[[ SUPPLIED RECORDS open ]]

(* If $T$ is a tree of order $p\ge 3$, then $\gamma_{[3R]}(T)\le \frac{7p}{4}$.
   Context: For a graph $\Gamma=(V,E)$ and $h:V\to\{0,1,2,3,4\}$, let $AN(v)=\{w\in N(v):h(w)\ge 1\}$, $AN[v]=AN(v)\cup\{v\}$ and $h(S)=\sum_{u\in S}h(u)$. $h$ is a triple Roman dominating function (3RDF) if every $v$ with $h(v)<3$ satisfies $h(AN[v])\ge|AN(v)|+3$. The triple Roman domination number $\gamma_{[3R]}(\Gamma)$ is the minimum weight $h(V)$ of a 3RDF of $\Gamma$. *)

theory Defs
  imports Complex_Main
begin

definition simple_graph :: "'a set \<Rightarrow> ('a \<Rightarrow> 'a \<Rightarrow> bool) \<Rightarrow> bool" where
  "simple_graph V E \<longleftrightarrow> finite V \<and> (\<forall>u v. E u v \<longrightarrow> u \<in> V \<and> v \<in> V)
     \<and> (\<forall>u v. E u v \<longrightarrow> E v u) \<and> (\<forall>v. \<not> E v v)"

definition is_walk :: "'a set \<Rightarrow> ('a \<Rightarrow> 'a \<Rightarrow> bool) \<Rightarrow> 'a list \<Rightarrow> bool" where
  "is_walk V E xs \<longleftrightarrow> xs \<noteq> [] \<and> set xs \<subseteq> V \<and> (\<forall>i. Suc i < length xs \<longrightarrow> E (xs ! i) (xs ! Suc i))"
(* Let $\theta>0$ and let $X_1,X_2$ be independent Ornstein–Uhlenbeck processes $X_i(t)=\int_0^te^{-\theta(t-u)}dW^i(u)$ driven by independent standard Brownian motions. Let $(\Delta_n)_{n\ge1}$ be positive numbers with $\Delta_n\to0$ and $T_n:=n\Delta_n\to\infty$, and let $t_k:=k\Delta_n$. Set $$A(n):=\frac{\sqrt{T_n}}{n}\sum_{k=0}^{n-1}X_1(t_k)X_2(t_k),\qquad F_{T_n}:=\frac{1}{\sqrt{T_n}}\int_0^{T_n}X_1(t)X_2(t)dt,\qquad \delta(n):=A(n)-F_{T_n}.$$ Then, with $C_\theta:=4\max\big(\frac{8}{9\theta},\frac{\sqrt2}{3}\theta^{-1/2},\frac14\big)$, for every $n$ with $\Delta_n\le 1$, $$\mathbf E[\delta(n)^2]\le C_\theta\, n\Delta_n^2.$$ In particular, if $n\Delta_n^2\to0$ then $\mathbf E[\delta(n)^2]\to0$. *)

theory Defs
  imports "HOL-Probability.Probability"
begin

definition std_brownian_motion :: "'a measure \<Rightarrow> (real \<Rightarrow> 'a \<Rightarrow> real) \<Rightarrow> bool" where
  "std_brownian_motion M W \<longleftrightarrow>
     prob_space M \<and>
     (\<forall>t. W t \<in> borel_measurable M) \<and>
     (\<forall>\<omega>\<in>space M. W 0 \<omega> = 0 \<and> continuous_on {0..} (\<lambda>t. W t \<omega>)) \<and>
     (\<forall>s t. 0 \<le> s \<longrightarrow> s < t \<longrightarrow>
        distributed M lborel (\<lambda>\<omega>. W t \<omega> - W s \<omega>) (normal_density 0 (sqrt (t - s)))) \<and>
     (\<forall>(ts :: nat \<Rightarrow> real) k. 0 \<le> ts 0 \<longrightarrow> (\<forall>i<k. ts i < ts (Suc i)) \<longrightarrow>
        prob_space.indep_vars M (\<lambda>_. borel) (\<lambda>i \<omega>. W (ts (Suc i)) \<omega> - W (ts i) \<omega>) {..<k})"

definition indep_processes :: "'a measure \<Rightarrow> (real \<Rightarrow> 'a \<Rightarrow> real) \<Rightarrow> (real \<Rightarrow> 'a \<Rightarrow> real) \<Rightarrow> bool" where
  "indep_processes M W1 W2 \<longleftrightarrow>
     (\<forall>J. finite J \<longrightarrow> J \<subseteq> {0..} \<longrightarrow>
        prob_space.indep_var M
          (PiM J (\<lambda>_. borel)) (\<lambda>\<omega>. restrict (\<lambda>t. W1 t \<omega>) J)
          (PiM J (\<lambda>_. borel)) (\<lambda>\<omega>. restrict (\<lambda>t. W2 t \<omega>) J))"

text \<open>Ornstein--Uhlenbeck process X(t) = \<integral>_0^t e^{-\<theta>(t-u)} dW(u), with the Wiener
  integral of the deterministic C^1 integrand f(u) = e^{-\<theta>(t-u)} given pathwise
  (Paley--Wiener) by f(t) W(t) - \<integral>_0^t f'(u) W(u) du, f'(u) = \<theta> e^{-\<theta>(t-u)}.\<close>
definition ou_process :: "real \<Rightarrow> (real \<Rightarrow> 'a \<Rightarrow> real) \<Rightarrow> real \<Rightarrow> 'a \<Rightarrow> real" where
  "ou_process \<theta> W t \<omega> = W t \<omega> - integral {0..t} (\<lambda>u. \<theta> * exp (- \<theta> * (t - u)) * W u \<omega>)"
(* Consider an iteration of the sig-cGA optimizing $\mathrm{DLB}$ in which the current frequency vector $\tau$ lies in $\{\frac12,1-\frac1n\}^n$. Then for every $i\in[1..n]$, a $1$ is appended to the history $H_i$ in this iteration (i.e., the winner $z$ has $z_i=1$) with probability at least $\tau_i$.
   Context: Let $n$ be an even positive integer. For $x\in\{0,1\}^n$ consider the blocks $(x_{2\ell+1},x_{2\ell+2})$, $\ell=0,\dots,\frac n2-1$. If $x\neq(1,\dots,1)$, let $m$ be the smallest $\ell$ with $x_{2\ell+1}\neq 1$ or $x_{2\ell+2}\neq 1$, and define $\mathrm{DLB}(x)=2m+1$ if $x_{2m+1}+x_{2m+2}=0$ and $\mathrm{DLB}(x)=2m$ if $x_{2m+1}+x_{2m+2}=1$; set $\mathrm{DLB}(1,\dots,1)=n$. In an iteration of the sig-cGA with current frequency vector $\tau$, two individuals $x,y$ are sampled independently, each bit $j$ being $1$ independently with probability $\tau_j$; the winner $z$ is the one with larger $\mathrm{DLB}$-value (chosen uniformly at random in case of a tie); then for each $i$ the bit $z_i$ is appended to the history $H_i$ (after which the frequencies are possibly updated). *)

theory Defs
  imports "HOL-Probability.Probability"
begin

text \<open>Bit strings of length n are modelled as functions x :: nat \<Rightarrow> bool, bit j (1-based,
  j \<in> {1..n}) being x j; True encodes 1. Bits outside {1..n} are fixed to False.\<close>

definition DLB :: "nat \<Rightarrow> (nat \<Rightarrow> bool) \<Rightarrow> nat" where
  "DLB n x =
    (if (\<forall>j\<in>{1..n}. x j) then n
     else (let m = (LEAST l. \<not> x (2*l+1) \<or> \<not> x (2*l+2)) in
           if \<not> x (2*m+1) \<and> \<not> x (2*m+2) then 2*m+1 else 2*m))"

definition sample :: "nat \<Rightarrow> (nat \<Rightarrow> real) \<Rightarrow> (nat \<Rightarrow> bool) pmf" where
  "sample n \<tau> = Pi_pmf {1..n} False (\<lambda>j. bernoulli_pmf (\<tau> j))"

definition winner :: "nat \<Rightarrow> (nat \<Rightarrow> bool) \<Rightarrow> (nat \<Rightarrow> bool) \<Rightarrow> (nat \<Rightarrow> bool) pmf" where
  "winner n x y =
    (if DLB n y < DLB n x then return_pmf x
     else if DLB n x < DLB n y then return_pmf y
     else map_pmf (\<lambda>b. if b then x else y) (bernoulli_pmf (1/2)))"

definition sigcga_winner :: "nat \<Rightarrow> (nat \<Rightarrow> real) \<Rightarrow> (nat \<Rightarrow> bool) pmf" where
  "sigcga_winner n \<tau> =
    bind_pmf (sample n \<tau>) (\<lambda>x. bind_pmf (sample n \<tau>) (\<lambda>y. winner n x y))"

end

theory Submission
  imports Defs
begin
(* A finite distributive lattice $\mathcal{L}$ is a tree lattice if and only if it is an honest lattice.
   Context: An element $x$ of $\mathcal{L}$ is join-irreducible if $x = y \vee z$ implies $x = y$ or $x = z$; $J(\mathcal{L})$ is the poset of join-irreducibles with the induced order. $\mathcal{L}$ is a tree lattice if the Hasse diagram of $J(\mathcal{L})$ is a tree. $\mathcal{L}$ is honest if for all $\alpha, \beta \in J(\mathcal{L})$ such that $\alpha$ covers $\beta$ in the poset $J(\mathcal{L})$, $\alpha$ also covers $\beta$ in $\mathcal{L}$ (where $\alpha$ covers $\beta$ means $\alpha > \beta$ and no element lies strictly between them). *)

theory Defs
  imports Main
begin

definition join_irreducible :: "'a::lattice \<Rightarrow> bool" where
  "join_irreducible x \<longleftrightarrow> (\<forall>y z. x = sup y z \<longrightarrow> x = y \<or> x = z)"

definition JI :: "'a::lattice set" where
  "JI = {x. join_irreducible x}"

definition covers_in :: "'a::order set \<Rightarrow> 'a \<Rightarrow> 'a \<Rightarrow> bool" where
  "covers_in S a b \<longleftrightarrow> a \<in> S \<and> b \<in> S \<and> b < a \<and> \<not> (\<exists>c\<in>S. b < c \<and> c < a)"

definition hasse_adj :: "'a::order set \<Rightarrow> 'a \<Rightarrow> 'a \<Rightarrow> bool" where
  "hasse_adj S x y \<longleftrightarrow> covers_in S x y \<or> covers_in S y x"

definition ugraph_connected :: "'a set \<Rightarrow> ('a \<Rightarrow> 'a \<Rightarrow> bool) \<Rightarrow> bool" where
  "ugraph_connected V E \<longleftrightarrow>
     (\<forall>x\<in>V. \<forall>y\<in>V. (x, y) \<in> {(u, v). u \<in> V \<and> v \<in> V \<and> E u v}\<^sup>*)"

definition ugraph_has_cycle :: "'a set \<Rightarrow> ('a \<Rightarrow> 'a \<Rightarrow> bool) \<Rightarrow> bool" where
  "ugraph_has_cycle V E \<longleftrightarrow>
     (\<exists>vs. length vs \<ge> 3 \<and> distinct vs \<and> set vs \<subseteq> V \<and>
        (\<forall>i. Suc i < length vs \<longrightarrow> E (vs ! i) (vs ! Suc i)) \<and> E (last vs) (hd vs))"

definition ugraph_tree :: "'a set \<Rightarrow> ('a \<Rightarrow> 'a \<Rightarrow> bool) \<Rightarrow> bool" where
  "ugraph_tree V E \<longleftrightarrow> V \<noteq> {} \<and> ugraph_connected V E \<and> \<not> ugraph_has_cycle V E"

definition tree_lattice :: "'a::lattice itself \<Rightarrow> bool" where
  "tree_lattice _ \<longleftrightarrow> ugraph_tree (JI :: 'a set) (hasse_adj JI)"

definition honest_lattice :: "'a::lattice itself \<Rightarrow> bool" where
  "honest_lattice _ \<longleftrightarrow>
     (\<forall>a b::'a. covers_in JI a b \<longrightarrow> covers_in UNIV a b)"

end

theory Submission
  imports Defs
begin

text \<open>
  The bottom element is join-irreducible in the sense used here, so \<open>J(L)\<close> is a finite poset
  with a least element. Its Hasse diagram is then always connected (walk down along covers),
  and it is acyclic exactly when every element covers at most one other: the maximal vertex of
  a cycle covers both of its neighbours, and conversely two lower covers of \<open>x\<close>, followed down
  to a maximal common lower bound, close up to a cycle through \<open>x\<close>. Finally, \<open>J(L)\<close> has unique
  lower covers iff \<open>L\<close> is honest: if \<open>a\<close> covers \<open>b \<noteq> c\<close> in \<open>J(L)\<close> and \<open>b\<close> in \<open>L\<close>, then
  \<open>a = b \<squnion> c\<close>, contradicting join-irreducibility; conversely every join-irreducible below an
  element strictly between \<open>b\<close> and \<open>a\<close> lies below the unique lower cover \<open>b\<close> of \<open>a\<close>, and
  every element is the join of the join-irreducibles below it.
\<close>

lemma finite_less_induct[consumes 2, case_names less]:
  fixes S :: "'a::order set"
  assumes "finite S" "x \<in> S"
    and "\<And>x. x \<in> S \<Longrightarrow> (\<And>y. y \<in> S \<Longrightarrow> y < x \<Longrightarrow> P y) \<Longrightarrow> P x"
  shows "P x"
proof -
  have "wfp_on S (<)"
    using assms(1) by (intro strict_partial_order_wfp_on_finite_set) (auto intro: transp_onI)
  then show ?thesis using assms(2,3) by (rule wfp_on_induct)
qed

lemma lower_cover_exists_above:
  fixes S :: "'a::order set"
  assumes "finite S" "j \<in> S" "a \<in> S" "j < a"
  shows "\<exists>m. j \<le> m \<and> covers_in S a m"
proof -
  obtain m where m: "m \<in> S" "m < a" "j \<le> m" and max: "\<forall>b\<in>S. b < a \<longrightarrow> m \<le> b \<longrightarrow> m = b"
    using finite_has_maximal2[of "{v\<in>S. v < a}" j] assms by auto
  have "covers_in S a m"
    unfolding covers_in_def using m max assms(3) by (metis less_le)
  with m show ?thesis by blast
qed

definition descending_cover_path :: "'a::order set \<Rightarrow> 'a \<Rightarrow> 'a \<Rightarrow> 'a list \<Rightarrow> bool" where
  "descending_cover_path S u w ps \<longleftrightarrow> hd ps = u \<and> last ps = w \<and> ps \<noteq> [] \<and> distinct ps
     \<and> set ps \<subseteq> S \<and> (\<forall>v\<in>set ps. w \<le> v \<and> v \<le> u) \<and> successively (covers_in S) ps"

lemma descending_cover_path_exists:
  fixes S :: "'a::order set"
  assumes "finite S" "u \<in> S" "w \<in> S" "w \<le> u"
  shows "\<exists>ps. descending_cover_path S u w ps"
  using assms(1,2,4)
proof (induction u rule: finite_less_induct)
  case (less u)
  then have "u \<in> S" "w \<le> u" by simp_all
  show ?case
  proof (cases "u = w")
    case True
    then show ?thesis using \<open>u \<in> S\<close> unfolding descending_cover_path_def by (intro exI[of _ "[u]"]) auto
  next
    case False
    with \<open>w \<le> u\<close> have "w < u" by simp
    then obtain m where "w \<le> m" and cov: "covers_in S u m"
      using lower_cover_exists_above assms(1,3) \<open>u \<in> S\<close> by blast
    then have "m \<in> S" "m < u" unfolding covers_in_def by auto
    with \<open>w \<le> m\<close> obtain ps where ps: "hd ps = m" "last ps = w" "ps \<noteq> []" "distinct ps"
      "set ps \<subseteq> S" "\<forall>v\<in>set ps. w \<le> v \<and> v \<le> m" "successively (covers_in S) ps"
      using less.IH unfolding descending_cover_path_def by blast
    have "successively (covers_in S) (u # ps)" using ps(1,3,7) cov by (simp add: successively_Cons)
    moreover have below: "\<forall>v\<in>set ps. w \<le> v \<and> v < u"
      using ps(6) \<open>m < u\<close> by (blast intro: le_less_trans)
    then have "distinct (u # ps)" using ps(4) by auto
    moreover have "\<forall>v\<in>set (u # ps). w \<le> v \<and> v \<le> u" using below \<open>w < u\<close> by auto
    moreover have "set (u # ps) \<subseteq> S" using ps(5) \<open>u \<in> S\<close> by simp
    ultimately show ?thesis
      using ps(2,3) unfolding descending_cover_path_def by (intro exI[of _ "u # ps"]) simp
  qed
qed

lemma join_irreducible_least:
  fixes z :: "'a::lattice"
  assumes "\<forall>x. z \<le> x"
  shows "z \<in> JI"
  unfolding JI_def join_irreducible_def
proof (intro CollectI allI impI)
  fix y y' assume "z = sup y y'"
  then have "y \<le> z" by simp
  with assms show "z = y \<or> z = y'" by (simp add: order.antisym)
qed

lemma le_if_join_irreducibles_le:
  fixes x b :: "'a::{lattice,finite}"
  assumes "\<forall>j\<in>JI. j \<le> x \<longrightarrow> j \<le> b"
  shows "x \<le> b"
  using finite_UNIV UNIV_I assms
proof (induction x rule: finite_less_induct)
  case (less x)
  show ?case
  proof (cases "x \<in> JI")
    case True
    then show ?thesis using less.prems by simp
  next
    case False
    then obtain y z where yz: "x = sup y z" "x \<noteq> y" "x \<noteq> z"
      unfolding JI_def join_irreducible_def by auto
    then have "y < x" "z < x" by (auto simp: less_le)
    have "v \<le> b" if "v < x" for v
    proof -
      have "\<forall>j\<in>JI. j \<le> v \<longrightarrow> j \<le> b" using less.prems that by (meson less_imp_le order.trans)
      with that show ?thesis using less.IH by blast
    qed
    with \<open>y < x\<close> \<open>z < x\<close> have "y \<le> b" "z \<le> b" by blast+
    then show ?thesis using yz by simp
  qed
qed

definition unique_lower_covers :: "'a::order set \<Rightarrow> bool" where
  "unique_lower_covers S \<longleftrightarrow> (\<forall>a b c. covers_in S a b \<longrightarrow> covers_in S a c \<longrightarrow> b = c)"

lemma honest_lattice_iff_unique_lower_covers:
  "honest_lattice TYPE('a::{lattice,finite}) \<longleftrightarrow> unique_lower_covers (JI :: 'a set)"
proof
  assume honest: "honest_lattice TYPE('a)"
  show "unique_lower_covers (JI :: 'a set)" unfolding unique_lower_covers_def
  proof (intro allI impI)
    fix a b c :: 'a
    assume ab: "covers_in JI a b" and ac: "covers_in JI a c"
    show "b = c"
    proof (rule ccontr)
      assume "b \<noteq> c"
      with ab ac have "\<not> c \<le> b" unfolding covers_in_def by (auto simp: less_le)
      then have "b < sup b c" by (metis less_le sup.cobounded1 sup.cobounded2)
      moreover have "sup b c \<le> a" using ab ac unfolding covers_in_def by auto
      moreover have "covers_in UNIV a b" using honest ab unfolding honest_lattice_def by blast
      ultimately have "a = sup b c" unfolding covers_in_def by (metis UNIV_I order_le_less)
      moreover have "join_irreducible a" using ab unfolding covers_in_def JI_def by auto
      ultimately have "a = b \<or> a = c" unfolding join_irreducible_def by blast
      then show False using ab ac unfolding covers_in_def by auto
    qed
  qed
next
  assume unique: "unique_lower_covers (JI :: 'a set)"
  show "honest_lattice TYPE('a)" unfolding honest_lattice_def
  proof (intro allI impI)
    fix a b :: 'a
    assume ab: "covers_in JI a b"
    have "\<not> (b < c \<and> c < a)" for c
    proof
      assume c: "b < c \<and> c < a"
      have "\<forall>j\<in>JI. j \<le> c \<longrightarrow> j \<le> b"
      proof (intro ballI impI)
        fix j assume j: "j \<in> JI" "j \<le> c"
        with c have "j < a" by (auto intro: le_less_trans)
        then obtain m where "j \<le> m" "covers_in JI a m"
          using lower_cover_exists_above[of "JI :: 'a set" j a] j ab
          unfolding covers_in_def by auto
        then show "j \<le> b" using unique ab unfolding unique_lower_covers_def by metis
      qed
      then have "c \<le> b" by (rule le_if_join_irreducibles_le)
      then show False using c by auto
    qed
    then show "covers_in UNIV a b" using ab unfolding covers_in_def by auto
  qed
qed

[[ SUPPLIED RECORDS closed ]]

> [ASSIGNED TASK]
Track down every line in the entries that includes the string "TYPE", and copy it.

> [RESPONSE TO THE EXERCISE]
  "honest_lattice TYPE('a::{lattice,finite}) \<longleftrightarrow> unique_lower_covers (JI :: 'a set)"
  assume honest: "honest_lattice TYPE('a)"
  show "honest_lattice TYPE('a)" unfolding honest_lattice_def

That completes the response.